Am 17. Januar wäre die Kurdin Hatun Aynur Sürücü 40 Jahre alt geworden. Wäre, denn sie wurde 2005 in Berlin von ihrem eigenen Bruder auf offener Straße erschossen. Die damals 23-Jährige soll mit dem Gedanken gespielt haben, katholisch zu werden. Vielleicht eines der Motive des Täters.
Wenige Tage noch und Hatun Sürücü hätte den Gesellenbrief in der Hand gehabt. Elektroinstallateurin wollte sie werden. Leitungen legen, Geräte warten und vor Ort sein, wenn was kaputt war – das war ihr Traum. Hatun hatte geschickte Hände, lachte viel, konnte gut mit Kunden, so erinnert sich ein Arbeitskollege. Doch nicht vielen Kunden war diese Erfahrung vergönnt.
Ohne Überlebenschance
Am 7. Februar 2005 wurde die Deutsch-Kurdin von ihrem eigenen Bruder an einer Bushaltestelle in Berlin Tempelhof erschossen, mit Schüssen in den Kopf. Eine Überlebenschance hatte die junge Frau nicht. Unter dem weißen Tuch, das Rettungssanitäter über ihren Leichnam legten, rann Blut auf die Straße.

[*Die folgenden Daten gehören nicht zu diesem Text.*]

definition sw :: "nat \<Rightarrow> nat \<Rightarrow> (nat \<Rightarrow> nat \<Rightarrow> nat) \<Rightarrow> (nat \<times> nat \<Rightarrow> real) \<Rightarrow> nat \<Rightarrow> real" where
  "sw n m \<sigma> X j = (\<Sum>i\<in>{1..n}. utility m \<sigma> X i j)"

definition sample_space :: "real measure \<Rightarrow> nat \<Rightarrow> nat \<Rightarrow> (nat \<times> nat \<Rightarrow> real) measure" where
  "sample_space D n m = PiM ({1..n} \<times> {1..m}) (\<lambda>_. D)"

definition exp_sw :: "real measure \<Rightarrow> nat \<Rightarrow> nat \<Rightarrow> (nat \<Rightarrow> nat \<Rightarrow> nat) \<Rightarrow> nat \<Rightarrow> real" where
  "exp_sw D n m \<sigma> j = (\<integral>X. sw n m \<sigma> X j \<partial>sample_space D n m)"

definition exp_dist :: "real measure \<Rightarrow> nat \<Rightarrow> nat \<Rightarrow> (nat \<Rightarrow> nat \<Rightarrow> nat) \<Rightarrow> nat \<Rightarrow> real" where
  "exp_dist D n m \<sigma> j =
     (\<integral>X. sw n m \<sigma> X j / (MAX k\<in>{1..m}. sw n m \<sigma> X k) \<partial>sample_space D n m)"

definition exp_distortion_maximizing ::
  "real measure \<Rightarrow> nat \<Rightarrow> nat \<Rightarrow> ((nat \<Rightarrow> nat \<Rightarrow> nat) \<Rightarrow> nat) \<Rightarrow> bool" where
  "exp_distortion_maximizing D n m f =
     (\<forall>\<sigma>. is_profile n m \<sigma> \<longrightarrow> f \<sigma> \<in> {1..m} \<and>
        (\<forall>j\<in>{1..m}. exp_dist D n m \<sigma> j \<le> exp_dist D n m \<sigma> (f \<sigma>)))"

definition exp_welfare_maximizing ::
  "real measure \<Rightarrow> nat \<Rightarrow> nat \<Rightarrow> ((nat \<Rightarrow> nat \<Rightarrow> nat) \<Rightarrow> nat) \<Rightarrow> bool" where
  "exp_welfare_maximizing D n m f =
     (\<forall>\<sigma>. is_profile n m \<sigma> \<longrightarrow> f \<sigma> \<in> {1..m} \<and>
        (\<forall>j\<in>{1..m}. exp_sw D n m \<sigma> j \<le> exp_sw D n m \<sigma> (f \<sigma>)))"

definition is_majority_rule :: "nat \<Rightarrow> ((nat \<Rightarrow> nat \<Rightarrow> nat) \<Rightarrow> nat) \<Rightarrow> bool" where
  "is_majority_rule n f =
     (\<forall>\<sigma>. is_profile n 2 \<sigma> \<longrightarrow> f \<sigma> \<in> {1, 2} \<and>
        (\<forall>j\<in>{1, 2::nat}. card {i\<in>{1..n}. \<sigma> i j = 1} \<le> card {i\<in>{1..n}. \<sigma> i (f \<sigma>) = 1}))"

end

theory Submission
  imports Defs
begin

text \<open>With two alternatives, each voter gives the larger of their two samples to their top
  alternative and the smaller one to the other. For the majority winner w and the other
  alternative j, the sum of the welfares is therefore independent of the profile, while their
  difference is a sum of the gaps |X(i,1) - X(i,2)|, counted positively exactly for the voters
  ranking w first. As w has at least as many supporters, some permutation of the voters sends
  every supporter of j to a supporter of w. Relabelling the samples by it preserves their
  i.i.d. law and the total welfare, and the welfare differences before and after relabelling
  add up to a nonnegative number. Averaging over a sample and its relabelling gives the
  welfare inequality; since (P - Q) / max P Q is increasing in P - Q when P + Q is fixed,
  the same pairing gives the distortion inequality.\<close>

lemma kth_largest_2_top: "kth_largest 2 x 1 = max (x 1) (x 2)"
  by (simp add: kth_largest_def upt_rec numeral_2_eq_2 max_def min_def)
lemma shuffle_maj_Cons_Cons_eq:
  assumes "f x \<noteq> f y" "f x \<noteq> f z" "f y \<noteq> f z"
    and IH_z: "shuffle_maj f z xs (y # ys) =
      monom 1 (rmaj f (z # xs) + rmaj f (y # ys) + (if f z < f y then Suc (length ys) else 0))
        * gauss_binom (length xs + Suc (length ys)) (Suc (length ys))"
    and IH_y: "shuffle_maj f y ys (z # xs) =
      monom 1 (rmaj f (y # ys) + rmaj f (z # xs) + (if f y < f z then Suc (length xs) else 0))
        * gauss_binom (length ys + Suc (length xs)) (Suc (length xs))"
  shows "shuffle_maj f x (z # xs) (y # ys) =
    monom 1 (rmaj f (x # z # xs) + rmaj f (y # ys) + (if f x < f y then Suc (length ys) else 0))
      * gauss_binom (Suc (length xs) + Suc (length ys)) (Suc (length ys))"
proof -
  have "z \<noteq> y"
    using assms(3) by auto
  define a b m where "a = Suc (length xs)" and "b = length ys" and "m = rmaj f (z # xs) + rmaj f (y # ys)"
  have IH_z': "shuffle_maj f z xs (y # ys) =
      monom 1 (m + (if f z < f y then Suc b else 0)) * gauss_binom (a + b) (Suc b)"
    using IH_z by (simp add: a_def b_def m_def)
  have IH_y': "shuffle_maj f y ys (z # xs) =
      monom 1 (m + (if f y < f z then a else 0)) * gauss_binom (a + b) b"
    using IH_y gauss_binom_symmetric[of b a] by (simp add: a_def b_def m_def add_ac)
  have "shuffle_maj f x (z # xs) (y # ys) =
      monom 1 (if f x < f z then a + Suc b else 0) * shuffle_maj f z xs (y # ys)
    + monom 1 (if f x < f y then a + Suc b else 0) * shuffle_maj f y ys (z # xs)"
    using shuffle_maj_Cons_Cons[OF \<open>z \<noteq> y\<close>, of f x xs ys] by (simp add: a_def b_def)
  also have "\<dots> = monom 1 m *
       (monom 1 ((if f x < f z then a + Suc b else 0) + (if f z < f y then Suc b else 0)) * gauss_binom (a + b) (Suc b)
      + monom 1 ((if f x < f y then a + Suc b else 0) + (if f y < f z then a else 0)) * gauss_binom (a + b) b)"
    unfolding IH_z' IH_y' by (simp add: monom_1_add algebra_simps)
  also have "\<dots> = monom 1 m *
       (monom 1 ((if f x < f z then a else 0) + (if f x < f y then Suc b else 0)) * gauss_binom (Suc (a + b)) (Suc b))"
    using gauss_binom.simps(3)[of "a + b" b] gauss_binom_Suc_Suc_dual[of a b]
    by (subst pascal_pair_combination[OF assms(1,2)]) (simp_all add: assms)
  also have "\<dots> = monom 1 (rmaj f (x # z # xs) + rmaj f (y # ys) + (if f x < f y then Suc (length ys) else 0))
      * gauss_binom (Suc (length xs) + Suc (length ys)) (Suc (length ys))"
    by (simp add: rmaj_Cons a_def b_def m_def monom_1_add algebra_simps)
  finally show ?thesis .
qed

Diese Bilder zeigte damals auch das Fernsehen. Sie verliehen der Diskussion um Integration und „Multi-Kulti“ eine nachhaltig nachdenkliche Note. Präsent sind die Bilder auch wieder während der sogenannten „Flüchtlingskrise“ im Herbst 2015 und nach dem darauf folgenden Sprung der AfD in den Deutschen Bundestag.
Ein Gedenkstein und eine Brücke
Ein Gedenkstein am Tatort in der Oberlandstraße erinnert heute an das Verbrechen an Hatun Sürücü. Immer wieder liegen dort Blumen und Kränze, daneben rote Friedhofslichter und bunte Kärtchen. Auch eine Brücke in Berlin wurde nach der Ermordeten benannt. Und immer wieder im Februar gedenken Berliner Politiker, Privatleute und Medienschaffende des grausamen Verbrechens. 2018 berichtete Sandra Maischberger in der Fernsehdokumentation „Nur eine Frau“ über den Fall.
„Er agierte mit absolutem Tötungswillen“, so urteilten später die Richter über den Täter und verurteilten ihn zu neuneinhalb Jahren Jugendstrafe, weil er zum Zeitpunkt der Tat noch minderjährig war. Im Gefängnis gab der Mörder ein Interview, bei dem er weiter seinen Hass auf die tote Schwester durchblicken ließ. Ob zwei weitere Brüder von den Mordplänen wussten, konnte bislang nicht bewiesen werden. Ermittler sind sich aber sicher, dass die Tat in der Familie abgesprochen war und auch die Tatwaffe dort besorgt wurde.
Den Ehemann verlassen
Das Motiv: Mitglieder der Familie Sürücü hatten sich am westlichen Lebensstil Hatuns gestört. Sie hatte dem Islam die rote Karte gezeigt und sich für ein eigenes, freies Leben in der bunten Metropole Berlin entschieden. Sie hatte den Schleier abgelegt und ihren zwangsweise angeheirateten Ehemann verlassen. Sogar mit einem nichtmuslimischen Mann poussierte sie.